### [THE TASK]
Some lines in the listing hold the word "sigma". Return each of them.

### [TASK MATERIAL]

(* Let $J_1,J_2\ge 0$ and $\beta\ge 0$. Then every infinite-volume Gibbs measure $\mu$ of the plaquette orbital model on $\mathbb Z^2$ at inverse temperature $\beta$ satisfies $\mathbb E_\mu(\mathbf S_{\boldsymbol r})=0$ for every $\boldsymbol r\in\mathbb Z^2$.
   Context: On $\mathbb Z^2$ (unit vectors $\boldsymbol e_1,\boldsymbol e_2$) nearest-neighbour edges are typed as follows: the horizontal edge $\langle \boldsymbol r,\boldsymbol r+\boldsymbol e_1\rangle$ is an $x$-edge if $r_1$ is even and a $z$-edge if $r_1$ is odd; the vertical edge $\langle\boldsymbol r,\boldsymbol r+\boldsymbol e_2\rangle$ is an $x$-edge if $r_2$ is even and a $z$-edge if $r_2$ is odd. Spins $\mathbf S_{\boldsymbol r}=(S^x_{\boldsymbol r},S^z_{\boldsymbol r})$ are unit vectors in $\mathbb R^2$, with a priori measure $\nu$ = uniform measure on the unit circle (normalized to total mass $\sqrt{2\pi}$). For finite $\Lambda\subset\mathbb Z^2$ let $\mathcal H_\Lambda(\mathbf S)=-J_1\sum S^x_{\boldsymbol r}S^x_{\boldsymbol r'}-J_2\sum S^z_{\boldsymbol r}S^z_{\boldsymbol r'}$, the first sum over $x$-edges and the second over $z$-edges having at least one endpoint in $\Lambda$. An infinite-volume Gibbs measure at inverse temperature $\beta$ is a probability measure $\mu$ on configurations $(\mathbf S_{\boldsymbol r})_{\boldsymbol r\in\mathbb Z^2}$ such that for every finite $\Lambda$, the conditional distribution of $(\mathbf S_{\boldsymbol r})_{\boldsymbol r\in\Lambda}$ given $(\mathbf S_{\boldsymbol r})_{\boldsymbol r\notin\Lambda}$ has density proportional to $e^{-\beta\mathcal H_\Lambda(\mathbf S)}$ with respect to $\prod_{\boldsymbol r\in\Lambda}\nu(d\mathbf S_{\boldsymbol r})$ (DLR condition). *)

theory Defs
  imports "HOL-Probability.Probability"
begin

type_synonym site = "int \<times> int"
type_synonym spin = "real \<times> real"   \<comment> \<open>(S^x, S^z)\<close>
type_synonym config = "site \<Rightarrow> spin"

definition spin_apriori :: "spin measure" where
  "spin_apriori = scale_measure (ennreal (sqrt (2*pi) / (2*pi)))
     (distr (restrict_space lborel {0..<2*pi}) borel (\<lambda>\<theta>. (cos \<theta>, sin \<theta>)))"

definition config_space :: "config measure" where
  "config_space = Pi\<^sub>M UNIV (\<lambda>_. borel)"

text \<open>Bond energy of the edge from r to r'; isx = True means an x-edge (coupling J1 S^x S^x),
  otherwise a z-edge (coupling J2 S^z S^z).\<close>
definition bond :: "real \<Rightarrow> real \<Rightarrow> bool \<Rightarrow> spin \<Rightarrow> spin \<Rightarrow> real" where
  "bond J1 J2 isx a b = (if isx then J1 * fst a * fst b else J2 * snd a * snd b)"

text \<open>Horizontal edges <r, r+e1> with at least one endpoint in Lambda (indexed by r);
  such an edge is an x-edge iff r_1 is even. Vertical edges <r, r+e2>: x-edge iff r_2 even.\<close>
definition hedges :: "site set \<Rightarrow> site set" where
  "hedges \<Lambda> = {r. r \<in> \<Lambda> \<or> (fst r + 1, snd r) \<in> \<Lambda>}"

definition vedges :: "site set \<Rightarrow> site set" where
  "vedges \<Lambda> = {r. r \<in> \<Lambda> \<or> (fst r, snd r + 1) \<in> \<Lambda>}"

definition hamiltonian :: "real \<Rightarrow> real \<Rightarrow> site set \<Rightarrow> config \<Rightarrow> real" where
  "hamiltonian J1 J2 \<Lambda> S =
     - (\<Sum>r\<in>hedges \<Lambda>. bond J1 J2 (even (fst r)) (S r) (S (fst r + 1, snd r)))
     - (\<Sum>r\<in>vedges \<Lambda>. bond J1 J2 (even (snd r)) (S r) (S (fst r, snd r + 1)))"

definition merge_cfg :: "site set \<Rightarrow> config \<Rightarrow> config \<Rightarrow> config" where
  "merge_cfg \<Lambda> \<sigma> \<omega> = (\<lambda>r. if r \<in> \<Lambda> then \<sigma> r else \<omega> r)"

definition boltz :: "real \<Rightarrow> real \<Rightarrow> real \<Rightarrow> site set \<Rightarrow> config \<Rightarrow> config \<Rightarrow> real" where
  "boltz J1 J2 \<beta> \<Lambda> \<omega> \<sigma> = exp (- \<beta> * hamiltonian J1 J2 \<Lambda> (merge_cfg \<Lambda> \<sigma> \<omega>))"

definition partition_fn :: "real \<Rightarrow> real \<Rightarrow> real \<Rightarrow> site set \<Rightarrow> config \<Rightarrow> real" where
  "partition_fn J1 J2 \<beta> \<Lambda> \<omega> =
     (\<integral>\<sigma>. boltz J1 J2 \<beta> \<Lambda> \<omega> \<sigma> \<partial>(Pi\<^sub>M \<Lambda> (\<lambda>_. spin_apriori)))"

definition outside_algebra :: "site set \<Rightarrow> config measure" where
  "outside_algebra \<Lambda> = sigma (space config_space)
     {{\<omega> \<in> space config_space. \<omega> r \<in> A} | r A. r \<notin> \<Lambda> \<and> A \<in> sets (borel :: spin measure)}"

definition is_gibbs :: "real \<Rightarrow> real \<Rightarrow> real \<Rightarrow> config measure \<Rightarrow> bool" where
  "is_gibbs J1 J2 \<beta> \<mu> \<longleftrightarrow>
     prob_space \<mu> \<and> sets \<mu> = sets config_space \<and>
     (\<forall>\<Lambda>. finite \<Lambda> \<longrightarrow>
        (\<forall>A \<in> sets (Pi\<^sub>M \<Lambda> (\<lambda>_. (borel :: spin measure))).
           AE \<omega> in \<mu>.
             real_cond_exp \<mu> (outside_algebra \<Lambda>) (\<lambda>\<omega>'. indicator A (restrict \<omega>' \<Lambda>)) \<omega>
             = (\<integral>\<sigma>. indicator A \<sigma> * boltz J1 J2 \<beta> \<Lambda> \<omega> \<sigma> \<partial>(Pi\<^sub>M \<Lambda> (\<lambda>_. spin_apriori)))
               / partition_fn J1 J2 \<beta> \<Lambda> \<omega>))"

end

theory Submission
  imports Defs
begin

text \<open>
  Flipping the sign of S^x on all four sites of a 2x2 block that no x-edge leaves does not change
  the Hamiltonian of the block: the x-bonds inside the block see the sign change twice, and the
  z-bonds only involve S^z. The flip is a reflection of the circle, so it also preserves the a priori
  measure. By the DLR condition for this block, the law of S_r under mu is therefore invariant under
  S^x |-> -S^x, whence E(S^x_r) = 0; the z-component is handled in the same way with the blocks that
  no z-edge leaves. Spins lie on the unit circle almost surely, which gives integrability. No sign
  condition on J1, J2 or beta is needed.
\<close>

lemma distr_scale_measure:
  assumes "f \<in> measurable M N"
  shows "distr (scale_measure r M) N f = scale_measure r (distr M N f)"
  using assms
  by (intro measure_eqI)
    (auto simp: emeasure_distr space_scale_measure measurable_cong_sets[OF sets_scale_measure refl])

lemma distr_lborel_reflect: "distr lborel borel (\<lambda>x::real. t - x) = lborel"
proof -
  have "lborel = density (distr lborel borel (\<lambda>x::real. t + (-1) * x)) (\<lambda>_. ennreal \<bar>-1\<bar>)"
    by (rule lborel_real_affine) simp
  then show ?thesis
    by (simp add: density_1)
qed

definition circle_reflection :: "real \<Rightarrow> real \<Rightarrow> real" where
  "circle_reflection a \<theta> = (if \<theta> \<le> a then a - \<theta> else a + 2*pi - \<theta>)"

lemma circle_reflection_measurable[measurable]: "circle_reflection a \<in> borel_measurable borel"
  unfolding circle_reflection_def by measurable

lemma circle_reflection_measurable_restrict_space:
  assumes "0 \<le> a" "a < 2*pi"
  shows "circle_reflection a
    \<in> measurable (restrict_space lborel {0..<2*pi}) (restrict_space lborel {0..<2*pi})"
  using assms by (intro measurable_restrict_space3) (auto simp: circle_reflection_def)

lemma emeasure_circle_reflection_vimage:
  assumes a: "0 \<le> a" "a < 2*pi" and S: "S \<in> sets borel"
  shows "emeasure lborel {\<theta>\<in>{0..<2*pi}. circle_reflection a \<theta> \<in> S} = emeasure lborel (S \<inter> {0..<2*pi})"
proof -
  let ?S1 = "S \<inter> {0..a}" and ?S2 = "S \<inter> {a<..<2*pi}"
  have S12: "?S1 \<in> sets borel" "?S2 \<in> sets borel"
    using S by auto
  have pre: "(\<lambda>\<theta>. a - \<theta>) -` ?S1 \<in> sets borel" "(\<lambda>\<theta>. a + 2*pi - \<theta>) -` ?S2 \<in> sets borel"
    by (rule measurable_sets_borel[OF _ S12(1)] measurable_sets_borel[OF _ S12(2)]; measurable)+
  have "{\<theta>\<in>{0..<2*pi}. circle_reflection a \<theta> \<in> S} = (\<lambda>\<theta>. a - \<theta>) -` ?S1 \<union> (\<lambda>\<theta>. a + 2*pi - \<theta>) -` ?S2"
    using a by (auto simp: circle_reflection_def)
  also have "emeasure lborel \<dots>
      = emeasure lborel ((\<lambda>\<theta>. a - \<theta>) -` ?S1) + emeasure lborel ((\<lambda>\<theta>. a + 2*pi - \<theta>) -` ?S2)"
    using pre a by (intro plus_emeasure[symmetric]) auto
  also have "\<dots> = emeasure (distr lborel borel (\<lambda>\<theta>. a - \<theta>)) ?S1
      + emeasure (distr lborel borel (\<lambda>\<theta>. a + 2*pi - \<theta>)) ?S2"
    using S12 by (simp add: emeasure_distr)
  also have "\<dots> = emeasure lborel (?S1 \<union> ?S2)"
    using S12 a by (simp only: distr_lborel_reflect) (intro plus_emeasure; auto)
  also have "?S1 \<union> ?S2 = S \<inter> {0..<2*pi}"
    using a by auto
  finally show ?thesis .
qed

lemma distr_circle_reflection:
  assumes a: "0 \<le> a" "a < 2*pi"
  defines "L \<equiv> restrict_space lborel {0..<2*pi}"
  shows "distr L L (circle_reflection a) = L"
proof (rule measure_eqI)
  fix X assume "X \<in> sets (distr L L (circle_reflection a))"
  then have X: "X \<subseteq> {0..<2*pi}" "X \<in> sets borel"
    by (auto simp: L_def sets_restrict_space_iff)
  have maps: "circle_reflection a \<in> measurable L L"
    unfolding L_def using a by (rule circle_reflection_measurable_restrict_space)
  have "emeasure (distr L L (circle_reflection a)) X = emeasure L (circle_reflection a -` X \<inter> {0..<2*pi})"
    using maps X by (subst emeasure_distr) (auto simp: L_def space_restrict_space sets_restrict_space_iff)
  also have "\<dots> = emeasure lborel {\<theta>\<in>{0..<2*pi}. circle_reflection a \<theta> \<in> X}"
    unfolding L_def by (subst emeasure_restrict_space) (auto simp: Int_def conj_commute)
  also have "\<dots> = emeasure L X"
    unfolding emeasure_circle_reflection_vimage[OF a X(2)] L_def
    using X by (simp add: emeasure_restrict_space Int_absorb2)
  finally show "emeasure (distr L L (circle_reflection a)) X = emeasure L X" .
qed simp

lemma sets_spin_apriori[simp, measurable_cong]: "sets spin_apriori = sets borel"
  by (simp add: spin_apriori_def)

lemma space_spin_apriori[simp]: "space spin_apriori = UNIV"
  by (simp add: spin_apriori_def space_scale_measure)

lemma emeasure_spin_apriori:
  assumes "Y \<in> sets borel"
  shows "emeasure spin_apriori Y
    = ennreal (sqrt (2*pi) / (2*pi)) * emeasure lborel ((\<lambda>\<theta>. (cos \<theta>, sin \<theta>)) -` Y \<inter> {0..<2*pi})"
proof -
  have "(\<lambda>\<theta>::real. (cos \<theta>, sin \<theta>)) \<in> measurable (restrict_space lborel {0..<2*pi}) borel"
    by (intro measurable_restrict_space1) simp
  with assms show ?thesis
    unfolding spin_apriori_def
    by (simp add: emeasure_distr space_restrict_space emeasure_restrict_space)
qed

### [TASK RESULT]
  "merge_cfg \<Lambda> \<sigma> \<omega> = (\<lambda>r. if r \<in> \<Lambda> then \<sigma> r else \<omega> r)"
  "boltz J1 J2 \<beta> \<Lambda> \<omega> \<sigma> = exp (- \<beta> * hamiltonian J1 J2 \<Lambda> (merge_cfg \<Lambda> \<sigma> \<omega>))"
     (\<integral>\<sigma>. boltz J1 J2 \<beta> \<Lambda> \<omega> \<sigma> \<partial>(Pi\<^sub>M \<Lambda> (\<lambda>_. spin_apriori)))"
  "outside_algebra \<Lambda> = sigma (space config_space)
             = (\<integral>\<sigma>. indicator A \<sigma> * boltz J1 J2 \<beta> \<Lambda> \<omega> \<sigma> \<partial>(Pi\<^sub>M \<Lambda> (\<lambda>_. spin_apriori)))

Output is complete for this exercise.